lemma yoke_adj_iff_schreier_adj:
  assumes "u \<in> yoke_V n m" "v \<in> yoke_V n m" "0 < m"
  shows "yoke_adj n m u v \<longleftrightarrow> schreier_adj n m u v"
proof -
  have "u = s_gen n m i v \<longleftrightarrow> v = s_gen n m i u" if "i \<le> m" for i
    using s_gen_involution[OF assms(1,3) that] s_gen_involution[OF assms(2,3) that] by metis
  then show ?thesis
    unfolding yoke_adj_iff_s_gen[OF assms] schreier_adj_def by metis
qed

theorem corollary3p17:
  fixes n m :: nat
  assumes "n \<ge> 1" and "m \<ge> 2"
  shows "(\<forall>i\<le>m. \<forall>v\<in>yoke_V n m. s_gen n m i v \<in> yoke_V n m)
       \<and> (\<forall>w1 w2. set w1 \<subseteq> {..m} \<longrightarrow> set w2 \<subseteq> {..m} \<longrightarrow> word_eq m w1 w2 \<longrightarrow>
            (\<forall>v\<in>yoke_V n m. word_act n m w1 v = word_act n m w2 v))
       \<and> (\<forall>u\<in>yoke_V n m. \<forall>v\<in>yoke_V n m. yoke_adj n m u v \<longleftrightarrow> schreier_adj n m u v)"
proof (intro conjI allI ballI impI)
  have m: "0 < m" using assms(2) by simp
  show "s_gen n m i v \<in> yoke_V n m" if "i \<le> m" "v \<in> yoke_V n m" for i v
    using s_gen_in_yoke_V[OF that(2) m that(1)] .
  show "word_act n m w1 v = word_act n m w2 v"
    if "set w1 \<subseteq> {..m}" "word_eq m w1 w2" "v \<in> yoke_V n m" for w1 w2 v
    using word_eq_word_act[OF that(2,1,3) assms(2)] .
  show "yoke_adj n m u v \<longleftrightarrow> schreier_adj n m u v" if "u \<in> yoke_V n m" "v \<in> yoke_V n m" for u v
    using yoke_adj_iff_schreier_adj[OF that m] .
qed

end
lemma banded_covering_iff_parity_cover:
  assumes D: "D \<subseteq> Pow {0..<n}"
  shows "asym_covering n D \<and> banded n D \<longleftrightarrow> parity_cover (Suc n) (parity_lift True n ` D)"
proof -
  have "asym_covering n D \<and> banded n D \<longleftrightarrow>
      (\<forall>v\<in>Pow {0..<n}. \<exists>u\<in>D. covers u v \<or> (u = v \<and> even (n - card v)))"
    using D unfolding asym_covering_def banded_def by blast
  also have "\<dots> \<longleftrightarrow> (\<forall>v\<in>Pow {0..<n}. \<exists>u\<in>D. covers (parity_lift True n u) (parity_lift False n v))"
    using D covers_parity_lift_iff by (metis PowD in_mono)
  also have "\<dots> \<longleftrightarrow> (\<forall>T\<in>parity_lift False n ` Pow {0..<n}. \<exists>S\<in>parity_lift True n ` D. covers S T)"
    by simp
  also have "\<dots> \<longleftrightarrow> parity_cover (Suc n) (parity_lift True n ` D)"
    using image_mono[OF D, of "parity_lift True n"]
    unfolding parity_cover_def parity_lift_image by auto
  finally show ?thesis .
qed

lemma banded_covering_of_parity_cover:
  assumes "parity_cover (Suc n) F"
  obtains D where "asym_covering n D" "banded n D" "card D = card F"
proof -
  define D where "D = {u \<in> Pow {0..<n}. parity_lift True n u \<in> F}"
  have image: "parity_lift True n ` D = F"
  proof
    show "parity_lift True n ` D \<subseteq> F"
      unfolding D_def by auto
    show "F \<subseteq> parity_lift True n ` D"
    proof
      fix S assume "S \<in> F"
      with assms have "S \<in> parity_lift True n ` Pow {0..<n}"
        unfolding parity_cover_def parity_lift_image by auto
      with \<open>S \<in> F\<close> show "S \<in> parity_lift True n ` D"
        unfolding D_def by auto
    qed
  qed
  have "D \<subseteq> Pow {0..<n}"
    unfolding D_def by blast
  then have "card D = card F"
    using card_parity_lift_image[of D n True] image by simp
  moreover have "asym_covering n D \<and> banded n D"
    using banded_covering_iff_parity_cover[OF \<open>D \<subseteq> Pow {0..<n}\<close>] assms image by simp
  ultimately show thesis
    using that by blast
qed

********************

Say the number of lines above that include "auto", and only that.

YOUR SOLUTION
4